Data records:
lemma cf_sine_ratio_defect_ge:
  fixes x c :: real
  assumes "\<alpha> \<notin> \<rat>" "int M < cf_q \<alpha> k" "0 < c" "c < 1" "-1 < x"
    and "x \<le> 1 - cf_q \<alpha> k * cf_delta \<alpha> k / (1 - c)" and "n \<in> {1..M}"
  defines "D \<equiv> 1 / (cf_residue \<alpha> k n + x)\<^sup>2 + 1 / (cf_q \<alpha> k - cf_residue \<alpha> k n - x)\<^sup>2"
  shows "- 200 * ln (4 / c) / (cf_a \<alpha> (Suc k))\<^sup>2 * D
           \<le> sine_ratio_defect (pi * (cf_residue \<alpha> k n + x) / cf_q \<alpha> k) (pi * n * cf_delta \<alpha> k / cf_q \<alpha> k)"
proof -
  define q where "q = real_of_int (cf_q \<alpha> k)"
  define \<delta> where "\<delta> = cf_delta \<alpha> k"
  define r where "r = real_of_int (cf_residue \<alpha> k n)"
  define \<phi> where "\<phi> = pi * (r + x) / q"
  define h where "h = pi * (n * \<delta>) / q"
  have q: "0 < q" and \<delta>: "0 < \<delta>"
    using cf_q_pos[OF assms(1), of k] cf_delta_pos[OF assms(1), of k] by (simp_all add: q_def \<delta>_def)
  have r: "1 \<le> r" "r \<le> q - 1"
    using cf_residue_bounds[OF assms(1), of n k] assms(2,7) by (auto simp: r_def q_def)
  have n: "real n \<le> q" using assms(2,7) by (simp add: q_def)
  have "0 < q * \<delta> / (1 - c)" using q \<delta> assms(4) by simp
  then have x: "x < 1" using assms(6) by (simp add: q_def \<delta>_def)
  have q\<delta>: "q * \<delta> \<le> (1 - c) * (1 - x)" using assms(4,6) by (simp add: q_def \<delta>_def field_simps)
  have "0 < r + x" "0 < q - r - x" using r x assms(5) by linarith+
  note scaled = scaled_angles[OF q this, of "n * \<delta>", folded \<phi>_def h_def]
  note angles = cf_angle_bounds[OF assms(1,2,5) add_mult_cf_delta_less_1[OF assms(1-4,6)] assms(7)]
  have "h / (pi - \<phi>) \<le> q * \<delta> / (1 - x)"
    unfolding scaled(1) using n x \<delta> mult_pos_pos[OF q \<delta>] r(2) by (intro frac_le mult_right_mono) auto
  also have "\<dots> \<le> 1 - c" using q\<delta> x by (simp add: field_simps)
  finally have "c \<le> 1 - h / (pi - \<phi>)" by simp
  then have defect: "- 200 * ln (4 / c) * (h\<^sup>2 * (1 / \<phi>\<^sup>2 + 1 / (pi - \<phi>)\<^sup>2)) \<le> sine_ratio_defect \<phi> h"
    using angles assms(3,4) by (intro sine_ratio_defect_ge) (auto simp: \<phi>_def h_def q_def r_def \<delta>_def)
  have D_eq: "D = 1 / (r + x)\<^sup>2 + 1 / (q - r - x)\<^sup>2" by (simp add: D_def r_def q_def)
  have "(n * \<delta>)\<^sup>2 \<le> 1 / (cf_a \<alpha> (Suc k))\<^sup>2"
    using cf_delta_mult_square_le[OF assms(1), of n k] n by (simp add: q_def \<delta>_def)
  then have "h\<^sup>2 * (1 / \<phi>\<^sup>2 + 1 / (pi - \<phi>)\<^sup>2) \<le> 1 / (cf_a \<alpha> (Suc k))\<^sup>2 * D"
    unfolding scaled(2) D_eq by (rule mult_right_mono) simp
  then have "200 * ln (4 / c) * (h\<^sup>2 * (1 / \<phi>\<^sup>2 + 1 / (pi - \<phi>)\<^sup>2))
      \<le> 200 * ln (4 / c) * (1 / (cf_a \<alpha> (Suc k))\<^sup>2 * D)"
    using assms(3,4) by (intro mult_left_mono) auto
  moreover have "- 200 * ln (4 / c) / (cf_a \<alpha> (Suc k))\<^sup>2 * D
      = - (200 * ln (4 / c) * (1 / (cf_a \<alpha> (Suc k))\<^sup>2 * D))"
    by simp
  ultimately have "- 200 * ln (4 / c) / (cf_a \<alpha> (Suc k))\<^sup>2 * D \<le> sine_ratio_defect \<phi> h"
    using defect by linarith
  then show ?thesis by (simp add: \<phi>_def h_def r_def q_def \<delta>_def mult.assoc)
qed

■ **Assignment**
Write the records out once more. Each line must match.

■ **Answer area**
lemma cf_sine_ratio_defect_ge:
  fixes x c :: real
  assumes "\<alpha> \<notin> \<rat>" "int M < cf_q \<alpha> k" "0 < c" "c < 1" "-1 < x"
    and "x \<le> 1 - cf_q \<alpha> k * cf_delta \<alpha> k / (1 - c)" and "n \<in> {1..M}"
  defines "D \<equiv> 1 / (cf_residue \<alpha> k n + x)\<^sup>2 + 1 / (cf_q \<alpha> k - cf_residue \<alpha> k n - x)\<^sup>2"
  shows "- 200 * ln (4 / c) / (cf_a \<alpha> (Suc k))\<^sup>2 * D
           \<le> sine_ratio_defect (pi * (cf_residue \<alpha> k n + x) / cf_q \<alpha> k) (pi * n * cf_delta \<alpha> k / cf_q \<alpha> k)"
proof -
  define q where "q = real_of_int (cf_q \<alpha> k)"
  define \<delta> where "\<delta> = cf_delta \<alpha> k"
  define r where "r = real_of_int (cf_residue \<alpha> k n)"
  define \<phi> where "\<phi> = pi * (r + x) / q"
  define h where "h = pi * (n * \<delta>) / q"
  have q: "0 < q" and \<delta>: "0 < \<delta>"
    using cf_q_pos[OF assms(1), of k] cf_delta_pos[OF assms(1), of k] by (simp_all add: q_def \<delta>_def)
  have r: "1 \<le> r" "r \<le> q - 1"
    using cf_residue_bounds[OF assms(1), of n k] assms(2,7) by (auto simp: r_def q_def)
  have n: "real n \<le> q" using assms(2,7) by (simp add: q_def)
  have "0 < q * \<delta> / (1 - c)" using q \<delta> assms(4) by simp
  then have x: "x < 1" using assms(6) by (simp add: q_def \<delta>_def)
  have q\<delta>: "q * \<delta> \<le> (1 - c) * (1 - x)" using assms(4,6) by (simp add: q_def \<delta>_def field_simps)
  have "0 < r + x" "0 < q - r - x" using r x assms(5) by linarith+
  note scaled = scaled_angles[OF q this, of "n * \<delta>", folded \<phi>_def h_def]
  note angles = cf_angle_bounds[OF assms(1,2,5) add_mult_cf_delta_less_1[OF assms(1-4,6)] assms(7)]
  have "h / (pi - \<phi>) \<le> q * \<delta> / (1 - x)"
    unfolding scaled(1) using n x \<delta> mult_pos_pos[OF q \<delta>] r(2) by (intro frac_le mult_right_mono) auto
  also have "\<dots> \<le> 1 - c" using q\<delta> x by (simp add: field_simps)
  finally have "c \<le> 1 - h / (pi - \<phi>)" by simp
  then have defect: "- 200 * ln (4 / c) * (h\<^sup>2 * (1 / \<phi>\<^sup>2 + 1 / (pi - \<phi>)\<^sup>2)) \<le> sine_ratio_defect \<phi> h"
    using angles assms(3,4) by (intro sine_ratio_defect_ge) (auto simp: \<phi>_def h_def q_def r_def \<delta>_def)
  have D_eq: "D = 1 / (r + x)\<^sup>2 + 1 / (q - r - x)\<^sup>2" by (simp add: D_def r_def q_def)
  have "(n * \<delta>)\<^sup>2 \<le> 1 / (cf_a \<alpha> (Suc k))\<^sup>2"
    using cf_delta_mult_square_le[OF assms(1), of n k] n by (simp add: q_def \<delta>_def)
  then have "h\<^sup>2 * (1 / \<phi>\<^sup>2 + 1 / (pi - \<phi>)\<^sup>2) \<le> 1 / (cf_a \<alpha> (Suc k))\<^sup>2 * D"
    unfolding scaled(2) D_eq by (rule mult_right_mono) simp
  then have "200 * ln (4 / c) * (h\<^sup>2 * (1 / \<phi>\<^sup>2 + 1 / (pi - \<phi>)\<^sup>2))
      \<le> 200 * ln (4 / c) * (1 / (cf_a \<alpha> (Suc k))\<^sup>2 * D)"
    using assms(3,4) by (intro mult_left_mono) auto
  moreover have "- 200 * ln (4 / c) / (cf_a \<alpha> (Suc k))\<^sup>2 * D
      = - (200 * ln (4 / c) * (1 / (cf_a \<alpha> (Suc k))\<^sup>2 * D))"
    by simp
  ultimately have "- 200 * ln (4 / c) / (cf_a \<alpha> (Suc k))\<^sup>2 * D \<le> sine_ratio_defect \<phi> h"
    using defect by linarith
  then show ?thesis by (simp add: \<phi>_def h_def r_def q_def \<delta>_def mult.assoc)
qed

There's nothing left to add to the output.